S&P RFC trio suggests 19% of covered could be cut
Thursday, 4 September 2014
Standard & Poor’s announced three requests for comment (RFCs) today (Thursday), taking in BRRD and public sector covered bonds, that – if implemented as proposed and if mitigating actions are not taken – could result in 19% of its covered bond ratings being cut and 9% being raised.
The RFC with the broadest impact is for changes to S&P’s covered bond criteria to take into account the EU Bank Recovery & Resolution Directive (BRRD) – an RFC S&P had in May flagged was on its way.
“We are proposing to change the starting point of our analysis and the determination of the maximum achievable covered bond rating,” the rating agency said today.
S&P said that, if issuing banks take no mitigating actions, about one-fifth of its covered bond ratings could be affected by changes proposed in this RFC, with one-tenth being downgraded, by an average of 1.3 notches, and one-tenth upgraded, by an average of 1.7 notches.
A second RFC is on revisions to assumptions S&P uses in its analysis of public sector and certain other assets in cover pools, which the rating agency said aims to enhance comparability with its criteria for analysing similar asset types.
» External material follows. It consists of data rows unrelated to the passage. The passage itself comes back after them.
lemma box_approx_integral_tendsto:
  fixes h :: "R2 \<Rightarrow> real"
  assumes [measurable]: "h \<in> borel_measurable lborel"
    and h_box: "integrable lborel (\<lambda>x. h x * indicator (box l r) x)"
  shows "(\<lambda>n. LINT x|lborel. h x * box_approx (real n) l r x)
    \<longlonglongrightarrow> (LINT x|lborel. h x * indicator (box l r) x)"
proof (rule integral_dominated_convergence[where w="\<lambda>x. \<bar>h x * indicator (box l r) x\<bar>"])
  show "integrable lborel (\<lambda>x. \<bar>h x * indicator (box l r) x\<bar>)"
    using h_box by (rule integrable_abs)
  show "AE x in lborel. (\<lambda>n. h x * box_approx (real n) l r x) \<longlonglongrightarrow> h x * indicator (box l r) x"
    by (intro AE_I2 tendsto_mult_left box_approx_tendsto_indicator)
  show "AE x in lborel. norm (h x * box_approx (real n) l r x) \<le> \<bar>h x * indicator (box l r) x\<bar>" for n
    unfolding abs_mult norm_mult real_norm_def
    by (intro AE_I2 mult_left_mono) (simp_all add: box_approx_le_indicator)
  show "(\<lambda>x. h x * box_approx (real n) l r x) \<in> borel_measurable lborel" for n
    using box_approx_measurable[of "real n" l r] by measurable
qed measurable
lemma Ki_eq_cayley_kernel: "i < n \<Longrightarrow> Ki n i z = cayley_kernel ({0..<n} - {i}) z"
  by (simp add: fun_eq_iff Ki_def cayley_kernel_def of_nat_diff)

lemma sum_card_fibres:
  assumes "finite J" "finite X" "\<And>j. j \<in> J \<Longrightarrow> g j \<in> X"
  shows "(\<Sum>y\<in>X. real (card {j\<in>J. y = g j}) * h y) = (\<Sum>j\<in>J. h (g j))"
proof -
  have "real (card {j\<in>J. y = g j}) * h y = (\<Sum>j\<in>J. if y = g j then h y else 0)" for y
    using sum.inter_filter[OF assms(1), of "\<lambda>_. h y" "\<lambda>j. y = g j"] by (simp only: sum_constant)
  hence "(\<Sum>y\<in>X. real (card {j\<in>J. y = g j}) * h y) = (\<Sum>y\<in>X. \<Sum>j\<in>J. if y = g j then h y else 0)"
    by simp
  also have "\<dots> = (\<Sum>j\<in>J. \<Sum>y\<in>X. if y = g j then h y else 0)"
    by (rule sum.swap)
  also have "\<dots> = (\<Sum>j\<in>J. h (g j))"
    using assms by simp
  finally show ?thesis .
qed

lemma dirichlet_form_cayley_kernel:
  assumes "finite J" and z: "\<And>j. j \<in> J \<Longrightarrow> z j \<in> Vsp k"
  shows "dirichlet_form (Vsp k) (unifV k) (cayley_kernel J z) f
    = (\<Sum>w\<in>Vsp k. (walsh_transform k f w)\<^sup>2 * (\<Sum>j\<in>J. 1 - walsh k w (z j)))
        / (real (card J) * 2 ^ k * 2 ^ k)"
proof -
  let ?E = "\<lambda>j. \<Sum>w\<in>Vsp k. (walsh_transform k f w)\<^sup>2 * (1 - walsh k w (z j))"
  have "dirichlet_form (Vsp k) (unifV k) (cayley_kernel J z) f
      = (\<Sum>u\<in>Vsp k. \<Sum>v\<in>Vsp k. real (card {j\<in>J. v = vadd u (z j)}) * (f u - f v)\<^sup>2)
          / (2 * 2 ^ k * real (card J))"
    by (simp add: dirichlet_form_def cayley_kernel_def unifV_def sum_divide_distrib mult_ac)
  also have "\<dots> = (\<Sum>u\<in>Vsp k. \<Sum>j\<in>J. (f u - f (vadd u (z j)))\<^sup>2) / (2 * 2 ^ k * real (card J))"
    using assms by (simp add: sum_card_fibres vadd_in_Vsp)
  also have "\<dots> = (\<Sum>j\<in>J. 2 * ?E j / 2 ^ k) / (2 * 2 ^ k * real (card J))"
    by (subst sum.swap) (simp add: sum_shift_diff_sq z)
  also have "\<dots> = (\<Sum>j\<in>J. ?E j) / (real (card J) * 2 ^ k * 2 ^ k)"
  proof -
    have "(\<Sum>j\<in>J. 2 * ?E j / 2 ^ k) = 2 * (\<Sum>j\<in>J. ?E j) / 2 ^ k"
      by (simp only: sum_divide_distrib sum_distrib_left)
    thus ?thesis by (simp add: mult_ac)
  qed
  also have "\<dots> = (\<Sum>w\<in>Vsp k. (walsh_transform k f w)\<^sup>2 * (\<Sum>j\<in>J. 1 - walsh k w (z j)))
        / (real (card J) * 2 ^ k * 2 ^ k)"
    by (subst sum.swap) (simp add: sum_distrib_left)
  finally show ?thesis .
qed

lemma cayley_kernel_poincare:
  assumes "finite J" "J \<noteq> {}" and z: "\<And>j. j \<in> J \<Longrightarrow> z j \<in> Vsp k"
    and eigenvalue_bound:
      "\<And>w. w \<in> Vsp k \<Longrightarrow> w \<noteq> vzero \<Longrightarrow> \<gamma> * real (card J) \<le> (\<Sum>j\<in>J. 1 - walsh k w (z j))"
  shows "\<gamma> * variance_on (Vsp k) (unifV k) f \<le> dirichlet_form (Vsp k) (unifV k) (cayley_kernel J z) f"
proof -
  let ?F = "\<lambda>w. (walsh_transform k f w)\<^sup>2" and ?D = "\<lambda>w. \<Sum>j\<in>J. 1 - walsh k w (z j)"
  have J: "real (card J) > 0"
    using assms(1,2) by (simp add: card_gt_0_iff)
  have "\<gamma> * (\<Sum>w\<in>Vsp k - {vzero}. ?F w) * real (card J) = (\<Sum>w\<in>Vsp k - {vzero}. ?F w * (\<gamma> * real (card J)))"
    by (simp add: sum_distrib_left sum_distrib_right mult_ac)
  also have "\<dots> \<le> (\<Sum>w\<in>Vsp k - {vzero}. ?F w * ?D w)"
    by (intro sum_mono mult_left_mono eigenvalue_bound) auto
  also have "\<dots> \<le> (\<Sum>w\<in>Vsp k. ?F w * ?D w)"
    by (rule sum_mono2) auto
  finally show ?thesis
    using J by (simp add: variance_unifV_walsh dirichlet_form_cayley_kernel assms(1) z field_simps)
qed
The third RFC proposes an update to S&P’s cashflow assumptions for modelling covered bonds, specifically a change to the cut-off parameter in its Covered Bond Monitor cashflow model.
S&P said it intends to publish and implement the final criteria simultaneously if the proposals in these RFCs are adopted.
It said that their joint implementation as proposed is expected to affect fewer than one-third of the covered bonds it rates, with 19% of ratings being lowered, by an average of 1.4 notches, and 9% being raised, by an average of 1.7 notches – barring any mitigating actions and based on today’s ratings.
“That’s mainly because of the lower degree of uplift we expect to give to programs with voluntary overcollateralisation or that do not have six months’ of liquidity,” said S&P. “In addition, some of the negative rating actions would be driven by our updated credit assumptions, in cases where these assumptions would increase target credit enhancement levels for the current rating above currently available credit enhancement.”
The deadline for responses to the RFCs is 6 October.